Monday, 17 November 2008

A letter published in the Bangkok Post 12th July 2008

Proper driving needed
I am from the UK and lived there for 40 years without seeing a dead body. Since coming to Thailand almost 10 years ago, I have seen about 20 corpses, witnessing the death of two of them. They were all victims of avoidable traffic accidents.
After visiting nearly 50 countries, I believe Thai drivers to be the most ill-informed, reckless and spatially unaware of all. I have had some near misses myself whilst driving and believe that the root of the problem lies in the lack of road user education.
As I grew up in Britain I was exposed nightly to road safety and awareness adverts, the catch phrases are with me yet. "Clunk click every trip", "Look right, look left, then right again", "Speed kills", etc.
I fervently hope that this new government, coupled with a public information TV channel modelled on the BBC, can together help, primarily, to reduce the death toll and, secondly, the tedious traffic jams caused by the long wait for the familiar white spray-painted outlines of vehicle positions involved in minor accidents.
Perhaps we could start with a "make sure there are no surprises" campaign, encouraging drivers and riders to indicate and look before changing lanes or joining a line of moving traffic. If only one person benefits by not being mown down by a pickup truck, surely it would have been worthwhile?
IAN PAUL

2 comments:

tropicalrob said...

I agree, Thai drivers are pretty bad, but nothing compared to drivers in two other countries I've visited - Cambodia and Sri Lanka.

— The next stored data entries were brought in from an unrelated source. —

(* Let $P$ be a convex euclidean $p$-gon, and let $r\le p-1$ be the rank of the abelian group generated by the translations in the sides of $P$. Then the complexity $f(n)$ of the outer billiard about $P$ satisfies $f(n)\prec n^{r+2}$.
   Context: The translations in the sides of $P$ are the compositions $T_aT_b$ of point reflections $T_a(x)=2a-x$, $T_b(x)=2b-x$ in the endpoints $a,b$ of a side (translations by $2(a-b)$). Outer billiard: $X=\mathbb R^2\setminus P$ is partitioned by the rays extending the sides of $P$ (ray extending side $ab$ beyond $a$, vertices counterclockwise) into regions $X_a$ indexed by vertices ($X_a$ = points $x$ such that the line through $x$ and $a$ supports $P$ with $P$ on a fixed side); the map is $T=T_a$ on $X_a$. A point is regular if no iterate lies on the rays; its length-$n$ code is the word $a_1\cdots a_n$ with $T^{i-1}x\in X_{a_i}$; $f(n)$ is the number of distinct codes of length $n$. $g\prec h$ means $g(n)\le Ch(n)$ for some $C$ and all large $n$. *)

theory Defs
  imports "HOL-Analysis.Analysis"
begin

text \<open>The euclidean plane is modelled by the complex numbers.
  cross a b is the signed area (2D cross product) of a and b.\<close>

definition cross :: "complex \<Rightarrow> complex \<Rightarrow> real" where
  "cross a b = Im (cnj a * b)"

text \<open>A convex euclidean p-gon with vertices v 0, ..., v (p-1), listed counterclockwise
  (indices mod p): every vertex other than the endpoints of a side lies strictly to the
  left of that directed side.\<close>

definition convex_polygon :: "nat \<Rightarrow> (nat \<Rightarrow> complex) \<Rightarrow> bool" where
  "convex_polygon p v \<longleftrightarrow> p \<ge> 3 \<and>
     (\<forall>i<p. \<forall>j<p. j \<noteq> i \<and> j \<noteq> Suc i mod p \<longrightarrow>
        cross (v (Suc i mod p) - v i) (v j - v i) > 0)"

definition polygon :: "nat \<Rightarrow> (nat \<Rightarrow> complex) \<Rightarrow> complex set" where
  "polygon p v = convex hull (v ` {..<p})"

text \<open>Open region X_a for the vertex a = v i (a point not on the rays extending the sides):
  x lies outside P and the line through x and v i supports P, with all other vertices
  strictly on the left of the directed line from x to v i.\<close>

definition in_region :: "nat \<Rightarrow> (nat \<Rightarrow> complex) \<Rightarrow> complex \<Rightarrow> nat \<Rightarrow> bool" where
  "in_region p v x i \<longleftrightarrow> i < p \<and> x \<notin> polygon p v \<and>
     (\<forall>j<p. j \<noteq> i \<longrightarrow> cross (v i - x) (v j - v i) > 0)"

fun orbit :: "(nat \<Rightarrow> complex) \<Rightarrow> (nat \<Rightarrow> nat) \<Rightarrow> complex \<Rightarrow> nat \<Rightarrow> complex" where
  "orbit v c x 0 = x"
| "orbit v c x (Suc k) = 2 * v (c k) - orbit v c x k"

text \<open>x is regular with (infinite) code c: the k-th iterate T^k x lies in the open region
  X_(v (c k)), and T^(k+1) x = T_(v (c k)) (T^k x).\<close>

definition regular_code :: "nat \<Rightarrow> (nat \<Rightarrow> complex) \<Rightarrow> complex \<Rightarrow> (nat \<Rightarrow> nat) \<Rightarrow> bool" where
  "regular_code p v x c \<longleftrightarrow> (\<forall>k. in_region p v (orbit v c x k) (c k))"

definition regular :: "nat \<Rightarrow> (nat \<Rightarrow> complex) \<Rightarrow> complex \<Rightarrow> bool" where
  "regular p v x \<longleftrightarrow> (\<exists>c. regular_code p v x c)"

definition complexity :: "nat \<Rightarrow> (nat \<Rightarrow> complex) \<Rightarrow> nat \<Rightarrow> nat" where
  "complexity p v n = card {map c [0..<n] | x c. regular_code p v x c}"

text \<open>The abelian group (subgroup of (C,+)) generated by the translations T_a T_b, i.e.
  translations by 2(a - b), for the sides ab of P.\<close>

definition side_translation_group :: "nat \<Rightarrow> (nat \<Rightarrow> complex) \<Rightarrow> complex set" where
  "side_translation_group p v =
     {\<Sum>i<p. of_int (k i) * (2 * (v i - v (Suc i mod p))) | k. True}"

definition int_independent :: "complex set \<Rightarrow> bool" where
  "int_independent S \<longleftrightarrow> (\<forall>k :: complex \<Rightarrow> int.
      (\<Sum>s\<in>S. of_int (k s) * s) = 0 \<longrightarrow> (\<forall>s\<in>S. k s = 0))"

definition group_rank :: "complex set \<Rightarrow> nat" where
  "group_rank G = Max {card S | S. S \<subseteq> G \<and> finite S \<and> int_independent S}"

end

theory Submission
  imports Defs
begin

text \<open>Codes of length \<open>n\<close> correspond to the nonempty cells of points whose first \<open>n\<close> iterates
  follow the code; each cell is convex and \<open>T^n\<close> acts on it as \<open>x \<mapsto> \<plusminus>x + \<tau>\<close>, where \<open>\<tau>\<close> is
  an integer combination of the \<open>2 v i\<close> with coefficients at most \<open>n\<close>. The extensions of a
  code by one letter correspond to the regions met by its image cell, and a connected set
  covered by regions and side rays meets at most one more region than rays. Hence
  \<open>f (n + 1) - f n\<close> is bounded by the number of pairs (code, ray) whose image cell meets the
  ray. The image cells of distinct codes are disjoint (\<open>T\<close> is injective), and the parameters
  of such a ray inside an image cell form an interval whose left end is \<open>0\<close> or a root of one
  of the linear constraints defining the cell; these roots are determined by a translation
  vector, an integer combination of the \<open>2 v i\<close> with coefficients at most \<open>2 n\<close>. There are
  \<open>O(n^(r+1))\<close> such vectors: up to a common multiple they lie in a rank \<open>r\<close> lattice, plus one
  dimension for \<open>2 v 0\<close>. So \<open>f (n + 1) - f n = O(n^(r+1))\<close> and \<open>f n = O(n^(r+2))\<close>.\<close>

subsection \<open>The cross product\<close>

lemma cross_eq_Re_Im: "cross a b = Re a * Im b - Im a * Re b"
  by (simp add: cross_def)

lemma cross_add_left: "cross (a + b) c = cross a c + cross b c"
  and cross_add_right: "cross a (b + c) = cross a b + cross a c"
  and cross_diff_left: "cross (a - b) c = cross a c - cross b c"
  and cross_diff_right: "cross a (b - c) = cross a b - cross a c"
  and cross_minus_right: "cross a (- c) = - cross a c"
  and cross_scale_left: "cross (of_real s * a) c = s * cross a c"
  and cross_scale_right: "cross a (of_real s * c) = s * cross a c"
  and cross_self [simp]: "cross a a = 0"
  and cross_zero_left [simp]: "cross 0 b = 0"
  and cross_zero_right [simp]: "cross a 0 = 0"
  and cross_swap: "cross a b = - cross b a"
  by (simp_all add: cross_eq_Re_Im algebra_simps)

lemma cross_plucker: "cross a b * cross d u = cross u b * cross d a + cross a u * cross d b"
  by (simp add: cross_eq_Re_Im algebra_simps)

lemma cross_eq_0_imp_real_multiple:
  assumes "cross e y = 0" "e \<noteq> 0"
  obtains \<mu> :: real where "y = of_real \<mu> * e"
proof
  have h: "Re e * Im y = Im e * Re y" using assms(1) by (simp add: cross_eq_Re_Im)
  have n: "(Re e)\<^sup>2 + (Im e)\<^sup>2 \<noteq> 0" using assms(2)
    by (metis complex_eq_iff sum_power2_eq_zero_iff zero_complex.simps)
  show "y = of_real ((Re e * Re y + Im e * Im y) / ((Re e)\<^sup>2 + (Im e)\<^sup>2)) * e"
    using n h by (intro complex_eqI) (simp_all add: field_simps power2_eq_square)
qed

lemma cross_along_line:
  "cross (a - (\<epsilon> * (b - of_real s * e) + t)) u = cross (a - \<epsilon> * b - t) u + s * cross (\<epsilon> * e) u"
proof -
  have "a - (\<epsilon> * (b - of_real s * e) + t) = (a - \<epsilon> * b - t) + of_real s * (\<epsilon> * e)"
    by (simp add: algebra_simps)
  then show ?thesis by (simp only: cross_add_left cross_scale_left)
qed

lemma continuous_on_cross [continuous_intros]:
  "continuous_on S f \<Longrightarrow> continuous_on S g \<Longrightarrow> continuous_on S (\<lambda>x. cross (f x) (g x))"
  unfolding cross_eq_Re_Im by (intro continuous_intros)

lemma convex_cross_halfplane: "convex {q. 0 < cross (a - q) u}"
proof (rule convexI)
  fix x y :: complex and s t :: real
  assume x: "x \<in> {q. 0 < cross (a - q) u}" and y: "y \<in> {q. 0 < cross (a - q) u}"
    and st: "0 \<le> s" "0 \<le> t" "s + t = 1"
  have "of_real s + of_real t = (1 :: complex)" using st(3) by (metis of_real_add of_real_1)
  then have "a - (s *\<^sub>R x + t *\<^sub>R y) = (of_real s + of_real t) * a - (of_real s * x + of_real t * y)"
    by (simp add: scaleR_conv_of_real mult.commute)
  also have "\<dots> = of_real s * (a - x) + of_real t * (a - y)"
    by (simp add: algebra_simps)
  finally have "a - (s *\<^sub>R x + t *\<^sub>R y) = of_real s * (a - x) + of_real t * (a - y)" .
  then have "cross (a - (s *\<^sub>R x + t *\<^sub>R y)) u = s * cross (a - x) u + t * cross (a - y) u"
    by (simp add: cross_add_left cross_scale_left)
  moreover have "0 < s * cross (a - x) u + t * cross (a - y) u"
    using x y st by (cases "s = 0") (auto intro: add_pos_nonneg)
  ultimately show "s *\<^sub>R x + t *\<^sub>R y \<in> {q. 0 < cross (a - q) u}" by simp
qed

In Sri Lanka they simply come down the wrong side of the road at you! Bus drivers have a particularly macho culture and on the open road just expect motorcyclists to get the hell out of the way. And, believe me, you'd better! Another irritating feature there is lane straddling, which makes it extremely difficult to overtake.

Cambodia? Well, basically chaos. At least in Thailand there's some semblance of order.

The only place I imagine might be worse is somewhere in Africa.

Phillip Donnelly said...

I'd have to give my vote to Cairo, but Saigon was pretty terrible too, especially for a pedestrian trying to cross the road, weaving through the motorbikes. Yikes!